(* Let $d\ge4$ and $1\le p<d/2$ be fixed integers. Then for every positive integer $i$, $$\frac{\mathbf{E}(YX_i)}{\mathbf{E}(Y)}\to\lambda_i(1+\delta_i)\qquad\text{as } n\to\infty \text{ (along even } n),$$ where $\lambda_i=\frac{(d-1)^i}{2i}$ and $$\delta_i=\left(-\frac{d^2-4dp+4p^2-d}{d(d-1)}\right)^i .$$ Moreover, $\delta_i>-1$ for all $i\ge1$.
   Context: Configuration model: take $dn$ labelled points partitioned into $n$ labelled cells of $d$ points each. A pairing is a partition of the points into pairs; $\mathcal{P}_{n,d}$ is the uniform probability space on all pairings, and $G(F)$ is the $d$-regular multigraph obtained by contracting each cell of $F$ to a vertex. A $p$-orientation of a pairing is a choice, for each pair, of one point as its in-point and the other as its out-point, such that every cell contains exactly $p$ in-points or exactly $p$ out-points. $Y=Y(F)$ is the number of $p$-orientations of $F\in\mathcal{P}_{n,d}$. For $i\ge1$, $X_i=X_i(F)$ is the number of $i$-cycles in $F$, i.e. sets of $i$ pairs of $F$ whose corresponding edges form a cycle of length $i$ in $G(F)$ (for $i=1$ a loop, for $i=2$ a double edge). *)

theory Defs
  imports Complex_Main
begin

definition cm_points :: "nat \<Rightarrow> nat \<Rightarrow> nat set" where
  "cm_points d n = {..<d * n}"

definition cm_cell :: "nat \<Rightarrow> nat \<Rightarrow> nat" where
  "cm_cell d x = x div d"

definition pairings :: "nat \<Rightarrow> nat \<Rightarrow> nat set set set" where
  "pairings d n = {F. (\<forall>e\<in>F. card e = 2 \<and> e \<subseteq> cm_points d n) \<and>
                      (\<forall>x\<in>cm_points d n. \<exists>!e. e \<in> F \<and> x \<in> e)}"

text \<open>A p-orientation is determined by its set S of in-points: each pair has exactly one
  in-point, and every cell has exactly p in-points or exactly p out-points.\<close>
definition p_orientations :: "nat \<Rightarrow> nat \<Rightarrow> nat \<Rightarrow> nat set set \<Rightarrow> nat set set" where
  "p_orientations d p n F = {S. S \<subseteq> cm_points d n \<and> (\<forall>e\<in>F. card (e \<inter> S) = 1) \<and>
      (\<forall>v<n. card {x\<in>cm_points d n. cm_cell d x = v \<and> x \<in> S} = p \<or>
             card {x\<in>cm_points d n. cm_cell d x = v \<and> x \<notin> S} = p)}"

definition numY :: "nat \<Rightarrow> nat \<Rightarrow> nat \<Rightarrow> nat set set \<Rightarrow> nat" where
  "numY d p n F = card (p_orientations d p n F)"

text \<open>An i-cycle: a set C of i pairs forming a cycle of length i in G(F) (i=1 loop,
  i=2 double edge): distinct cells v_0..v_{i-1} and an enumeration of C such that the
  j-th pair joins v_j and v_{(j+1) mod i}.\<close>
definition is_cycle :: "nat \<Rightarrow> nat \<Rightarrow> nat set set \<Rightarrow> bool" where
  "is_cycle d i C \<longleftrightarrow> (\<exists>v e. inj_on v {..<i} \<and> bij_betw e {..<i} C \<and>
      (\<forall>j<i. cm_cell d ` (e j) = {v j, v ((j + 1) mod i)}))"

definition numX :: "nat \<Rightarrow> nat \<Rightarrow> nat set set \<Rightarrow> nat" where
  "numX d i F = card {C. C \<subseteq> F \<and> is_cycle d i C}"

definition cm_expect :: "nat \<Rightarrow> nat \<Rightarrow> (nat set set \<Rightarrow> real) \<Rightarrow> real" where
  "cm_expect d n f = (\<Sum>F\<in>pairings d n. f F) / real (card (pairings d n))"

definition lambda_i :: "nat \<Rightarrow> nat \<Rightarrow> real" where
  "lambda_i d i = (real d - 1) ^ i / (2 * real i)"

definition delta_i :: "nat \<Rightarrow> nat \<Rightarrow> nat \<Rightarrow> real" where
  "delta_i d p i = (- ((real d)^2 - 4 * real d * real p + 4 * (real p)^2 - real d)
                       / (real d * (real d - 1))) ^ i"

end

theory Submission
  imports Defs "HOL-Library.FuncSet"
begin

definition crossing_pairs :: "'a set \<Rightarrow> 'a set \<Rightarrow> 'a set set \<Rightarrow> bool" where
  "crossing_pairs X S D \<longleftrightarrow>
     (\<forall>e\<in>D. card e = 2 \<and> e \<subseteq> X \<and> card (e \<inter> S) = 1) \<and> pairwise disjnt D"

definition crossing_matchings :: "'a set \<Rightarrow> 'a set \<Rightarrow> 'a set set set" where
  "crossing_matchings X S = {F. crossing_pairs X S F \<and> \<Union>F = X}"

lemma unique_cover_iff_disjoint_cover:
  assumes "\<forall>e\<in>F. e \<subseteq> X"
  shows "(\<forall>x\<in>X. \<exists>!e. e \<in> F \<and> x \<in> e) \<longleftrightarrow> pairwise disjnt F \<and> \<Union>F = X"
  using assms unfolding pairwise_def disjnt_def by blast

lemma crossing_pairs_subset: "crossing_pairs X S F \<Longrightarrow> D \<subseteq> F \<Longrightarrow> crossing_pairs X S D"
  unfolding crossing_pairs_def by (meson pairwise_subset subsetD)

★ ★ ★

> Task requirements
Print exactly, and only, the lines running from the one that contains "theory Submission" to the last line of the records above.

> Answer to this task
theory Submission
  imports Defs "HOL-Library.FuncSet"
begin

definition crossing_pairs :: "'a set \<Rightarrow> 'a set \<Rightarrow> 'a set set \<Rightarrow> bool" where
  "crossing_pairs X S D \<longleftrightarrow>
     (\<forall>e\<in>D. card e = 2 \<and> e \<subseteq> X \<and> card (e \<inter> S) = 1) \<and> pairwise disjnt D"

definition crossing_matchings :: "'a set \<Rightarrow> 'a set \<Rightarrow> 'a set set set" where
  "crossing_matchings X S = {F. crossing_pairs X S F \<and> \<Union>F = X}"

lemma unique_cover_iff_disjoint_cover:
  assumes "\<forall>e\<in>F. e \<subseteq> X"
  shows "(\<forall>x\<in>X. \<exists>!e. e \<in> F \<and> x \<in> e) \<longleftrightarrow> pairwise disjnt F \<and> \<Union>F = X"
  using assms unfolding pairwise_def disjnt_def by blast

lemma crossing_pairs_subset: "crossing_pairs X S F \<Longrightarrow> D \<subseteq> F \<Longrightarrow> crossing_pairs X S D"
  unfolding crossing_pairs_def by (meson pairwise_subset subsetD)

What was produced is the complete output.